* **TRY IT**:
Without changing anything, output the records below.

--------------------------------

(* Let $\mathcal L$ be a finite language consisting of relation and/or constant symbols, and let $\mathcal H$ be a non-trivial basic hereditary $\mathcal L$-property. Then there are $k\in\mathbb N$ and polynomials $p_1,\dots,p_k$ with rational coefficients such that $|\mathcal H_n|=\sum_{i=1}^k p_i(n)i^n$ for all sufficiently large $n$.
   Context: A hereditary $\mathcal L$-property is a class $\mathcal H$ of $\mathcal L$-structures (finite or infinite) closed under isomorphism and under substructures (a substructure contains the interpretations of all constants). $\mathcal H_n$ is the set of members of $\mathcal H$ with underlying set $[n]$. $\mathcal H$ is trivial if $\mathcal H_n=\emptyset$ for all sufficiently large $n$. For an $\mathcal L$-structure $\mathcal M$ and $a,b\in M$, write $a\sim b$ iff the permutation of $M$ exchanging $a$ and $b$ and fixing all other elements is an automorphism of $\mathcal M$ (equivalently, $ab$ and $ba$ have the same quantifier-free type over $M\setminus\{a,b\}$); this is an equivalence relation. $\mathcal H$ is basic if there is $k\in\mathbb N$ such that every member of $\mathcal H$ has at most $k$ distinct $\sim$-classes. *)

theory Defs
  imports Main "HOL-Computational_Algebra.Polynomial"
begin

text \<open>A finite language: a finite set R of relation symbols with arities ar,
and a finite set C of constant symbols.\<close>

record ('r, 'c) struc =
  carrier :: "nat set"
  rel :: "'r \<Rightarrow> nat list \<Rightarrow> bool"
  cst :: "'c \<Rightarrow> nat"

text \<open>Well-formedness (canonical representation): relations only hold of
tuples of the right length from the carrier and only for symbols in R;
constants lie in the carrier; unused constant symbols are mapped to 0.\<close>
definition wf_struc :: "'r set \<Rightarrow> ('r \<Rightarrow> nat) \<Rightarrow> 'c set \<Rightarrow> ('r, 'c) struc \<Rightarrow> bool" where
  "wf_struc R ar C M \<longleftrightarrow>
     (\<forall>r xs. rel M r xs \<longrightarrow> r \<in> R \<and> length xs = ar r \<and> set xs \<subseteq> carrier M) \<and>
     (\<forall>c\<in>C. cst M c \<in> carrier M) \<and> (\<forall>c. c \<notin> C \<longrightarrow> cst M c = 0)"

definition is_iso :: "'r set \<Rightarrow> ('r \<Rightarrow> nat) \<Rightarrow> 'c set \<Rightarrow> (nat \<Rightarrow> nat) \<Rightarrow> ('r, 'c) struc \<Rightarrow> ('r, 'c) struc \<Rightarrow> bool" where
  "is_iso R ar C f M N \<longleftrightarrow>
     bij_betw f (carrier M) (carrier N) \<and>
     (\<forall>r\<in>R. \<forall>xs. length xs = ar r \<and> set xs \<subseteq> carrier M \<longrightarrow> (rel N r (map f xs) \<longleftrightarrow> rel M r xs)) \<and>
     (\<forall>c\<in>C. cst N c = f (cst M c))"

--------------------------------

* **REPLY TO THE TASK**:
(* Let $\mathcal L$ be a finite language consisting of relation and/or constant symbols, and let $\mathcal H$ be a non-trivial basic hereditary $\mathcal L$-property. Then there are $k\in\mathbb N$ and polynomials $p_1,\dots,p_k$ with rational coefficients such that $|\mathcal H_n|=\sum_{i=1}^k p_i(n)i^n$ for all sufficiently large $n$.
   Context: A hereditary $\mathcal L$-property is a class $\mathcal H$ of $\mathcal L$-structures (finite or infinite) closed under isomorphism and under substructures (a substructure contains the interpretations of all constants). $\mathcal H_n$ is the set of members of $\mathcal H$ with underlying set $[n]$. $\mathcal H$ is trivial if $\mathcal H_n=\emptyset$ for all sufficiently large $n$. For an $\mathcal L$-structure $\mathcal M$ and $a,b\in M$, write $a\sim b$ iff the permutation of $M$ exchanging $a$ and $b$ and fixing all other elements is an automorphism of $\mathcal M$ (equivalently, $ab$ and $ba$ have the same quantifier-free type over $M\setminus\{a,b\}$); this is an equivalence relation. $\mathcal H$ is basic if there is $k\in\mathbb N$ such that every member of $\mathcal H$ has at most $k$ distinct $\sim$-classes. *)

theory Defs
  imports Main "HOL-Computational_Algebra.Polynomial"
begin

text \<open>A finite language: a finite set R of relation symbols with arities ar,
and a finite set C of constant symbols.\<close>

record ('r, 'c) struc =
  carrier :: "nat set"
  rel :: "'r \<Rightarrow> nat list \<Rightarrow> bool"
  cst :: "'c \<Rightarrow> nat"

text \<open>Well-formedness (canonical representation): relations only hold of
tuples of the right length from the carrier and only for symbols in R;
constants lie in the carrier; unused constant symbols are mapped to 0.\<close>
definition wf_struc :: "'r set \<Rightarrow> ('r \<Rightarrow> nat) \<Rightarrow> 'c set \<Rightarrow> ('r, 'c) struc \<Rightarrow> bool" where
  "wf_struc R ar C M \<longleftrightarrow>
     (\<forall>r xs. rel M r xs \<longrightarrow> r \<in> R \<and> length xs = ar r \<and> set xs \<subseteq> carrier M) \<and>
     (\<forall>c\<in>C. cst M c \<in> carrier M) \<and> (\<forall>c. c \<notin> C \<longrightarrow> cst M c = 0)"

definition is_iso :: "'r set \<Rightarrow> ('r \<Rightarrow> nat) \<Rightarrow> 'c set \<Rightarrow> (nat \<Rightarrow> nat) \<Rightarrow> ('r, 'c) struc \<Rightarrow> ('r, 'c) struc \<Rightarrow> bool" where
  "is_iso R ar C f M N \<longleftrightarrow>
     bij_betw f (carrier M) (carrier N) \<and>
     (\<forall>r\<in>R. \<forall>xs. length xs = ar r \<and> set xs \<subseteq> carrier M \<longrightarrow> (rel N r (map f xs) \<longleftrightarrow> rel M r xs)) \<and>
     (\<forall>c\<in>C. cst N c = f (cst M c))"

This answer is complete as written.